What is less easy to understand is why Cox has been moved to drive time. She is clearly out of favour with listeners at large, and a more expected outcome would be a temporary move to a weekend slot to fill out her contract or leaving the station altogether.

It remains to be seen whether she survives in a slot that has been made Moyles’s own for the past few years. In particular Radio 1 shouldn’t be afraid of trying out new talent on daytime – the line-up of Cox, Whiley, Radcliffe and Moyles is beginning to sound as over-familiar as Mayo, Bates, Davies and Wright.

In particular, Scott Mills is crying out for a promotion to weekday daytimes after five years toiling away on Early Breakfast. His time may soon come – recently he has been standing in admirably for Mark and Lard, whose afternoon show has been sounding incredibly tired lately, and is also shortly to move to weekend lunchtimes.

Whilst some criticism of the playlist is always healthy, they sound like two moaning old men complaining about everything they play.

The station sound needs sorting out too. In 1998 Vibe Music Imaging started producing the jingles, introducing some rather funky sung jingles after years of look-we’re-trendy spoken idents.

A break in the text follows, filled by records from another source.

(* Let $d\ge1$, $\sigma>0$, $\eta>0$, and for $\nu>1$ set $\tilde\gamma=\frac{\eta\sqrt{\nu-1}}{\sigma}$. Then for every fixed integer $k\ge0$, as $\nu\to+\infty$, \[ \alpha_k^{(\nu,\tilde\gamma)}\sim\frac{\Gamma(k+\frac d2)}{k!\,\Gamma(\frac d2)}\left(\frac{\eta^2}{\sigma^2}\right)^k\left(1+\frac{\eta^2}{\sigma^2}\right)^{-k-\frac d2} \] (the ratio of the two sides tends to $1$). As a consequence, if $\mathbf{X}$ is centered Gaussian in $\mathbb{R}^d$ with covariance $\sigma^2I_d$ and $\mathbf{T}$ is independent with Student density $f_\nu(\mathbf{t})=\frac{\Gamma(\nu+\frac d2)}{\Gamma(\nu)\pi^{d/2}}(1+\Vert\mathbf{t}\Vert^2)^{-\nu-\frac d2}$, then the density $f_{\mathbf{Z}}=\sum_{k\ge0}\alpha_k^{(\nu,\tilde\gamma)}g_{k,\sigma}$ of $\mathbf{Z}=\mathbf{X}+\eta\sqrt{2(\nu-1)}\,\mathbf{T}$ converges, as $\nu\to+\infty$, to the Gaussian density with covariance $(\sigma^2+\eta^2)I_d$, namely $(2\pi(\sigma^2+\eta^2))^{-d/2}\exp\left(-\frac{\Vert\mathbf{z}\Vert^2}{2(\sigma^2+\eta^2)}\right)$.
   Context: $\alpha_k^{(\nu,\gamma)}=\frac{\Gamma(k+\frac d2)}{k!\,\Gamma(\frac d2)\Gamma(\nu)}\gamma^{2k}\int_0^{\infty}e^{-a}a^{\nu+\frac d2-1}(a+\gamma^2)^{-k-\frac d2}\,da$ for $\gamma>0$, $\nu>0$. For $k\in\mathbb{N}$, $g_{k,\sigma}(\mathbf{z})=\frac{\Gamma(\frac d2)}{\Gamma(k+\frac d2)(\sigma\sqrt{2\pi})^d}\left(\frac{\Vert\mathbf{z}\Vert^2}{2\sigma^2}\right)^k\exp\left(-\frac{\Vert\mathbf{z}\Vert^2}{2\sigma^2}\right)$, $\mathbf{z}\in\mathbb{R}^d$. The random vector $\eta\sqrt{2(\nu-1)}\mathbf{T}$ has covariance $\eta^2 I_d$. *)

theory Defs
  imports "HOL-Analysis.Analysis"
begin

definition alpha_coef :: "real \<Rightarrow> real \<Rightarrow> real \<Rightarrow> nat \<Rightarrow> real" where
  "alpha_coef d \<nu> \<gamma> k =
     Gamma (real k + d / 2) / (fact k * Gamma (d / 2) * Gamma \<nu>) * \<gamma> ^ (2 * k) *
     (LBINT a:{0<..}. exp (- a) * a powr (\<nu> + d / 2 - 1) * (a + \<gamma>\<^sup>2) powr (- real k - d / 2))"

definition g_fun :: "nat \<Rightarrow> real \<Rightarrow> 'a::euclidean_space \<Rightarrow> real" where
  "g_fun k \<sigma> z =
     Gamma (real DIM('a) / 2) / (Gamma (real k + real DIM('a) / 2) * (\<sigma> * sqrt (2 * pi)) ^ DIM('a)) *
     ((norm z)\<^sup>2 / (2 * \<sigma>\<^sup>2)) ^ k * exp (- (norm z)\<^sup>2 / (2 * \<sigma>\<^sup>2))"

end

theory Submission
  imports Defs
begin
lemma mmul_closed_stabilizer_mats: "mmul_closed (stabilizer_mats G x y)"
  unfolding mmul_closed_def stabilizer_mats_def
  by (auto simp: word_act_append simp flip: word_mat_append intro: word_mat_in_stabilizer_mats)

lemma stabilizer_mats_subset_veech_group:
  assumes "group G"
  shows "stabilizer_mats G x y \<subseteq> veech_group G x y"
proof
  fix A assume "A \<in> stabilizer_mats G x y"
  then obtain w where w: "A = word_mat w" "word_act G w (x, y) = (x, y)"
    unfolding stabilizer_mats_def by blast
  have "A \<in> SL2Z"
    using det2_word_mat[of w] by (cases A) (simp add: w(1) SL2Z_def)
  moreover have "origami_equiv G (word_act G w (x, y)) (x, y)"
    unfolding origami_equiv_def w(2) using id_iso[of G] by (intro bexI[of _ id]) auto
  ultimately show "A \<in> veech_group G x y"
    unfolding veech_group_def using w(1) by blast
qed

(* Each word below is a conjugate of T^n whose middle block multiplies one entry of the
   transformed pair by the n-th power of y, y x, resp. x y^-m, or of its inverse; so the
   word fixes (x, y) once the order of that element divides n. *)

lemma (in group) mat_L_in_stabilizer_mats:
  assumes "x \<in> carrier G" "y \<in> carrier G" "ord y dvd n"
  shows "mat_L (- int n) \<in> stabilizer_mats G x y"
proof -
  let ?w = "[GSi] @ replicate n GT @ [GS]"
  have "word_act G ?w (x, y) = (x, y)"
    using assms by (simp add: word_act_append word_act_replicate_GT pow_eq_id)
  moreover have "word_mat ?w = mat_L (- int n)"
    by (simp add: word_mat_append word_mat_replicate_GT mat_T_def mat_L_def)
  ultimately show ?thesis
    by (metis word_mat_in_stabilizer_mats)
qed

These continued, with modifications every few months, until the start of 2002, when a set of truly awful jingles with no singing was introduced – mirroring the 1995 changes. In most cases they seemed to consist of DJs such as Cox and Radcliffe saying the slogan “One Love, One Station, Radio 1” whilst an almost unrecognisable version of the previous sung “Ra-di-o 1” tune rattled away in the background. They’ve been improved since then but, but nearly two years on they really spoil the sound of the station.

So, ten years on from the Bannister revolution, Radio 1 is still facing challenges about how to adapt to serve an ever-changing audience.

The scarily fast growth of digital radio – featuring quick-fix non-stop-pop stations such as Core and Smash Hits – is another threat to Radio 1’s traditional stronghold of teenyboppers, and it must work out how to entertain these just as much as the serious music fans.

One recent success story is 1Xtra, the Black music station launched from Radio 1’s headquarters in August 2002, which is was recently announced is the BBC’s most listened to digital-only radio station.

But for the moment the station has enough problems of its own to tackle – and I’m sure we’ll still be sitting here in 2013 wondering if it’ll ever all settle down.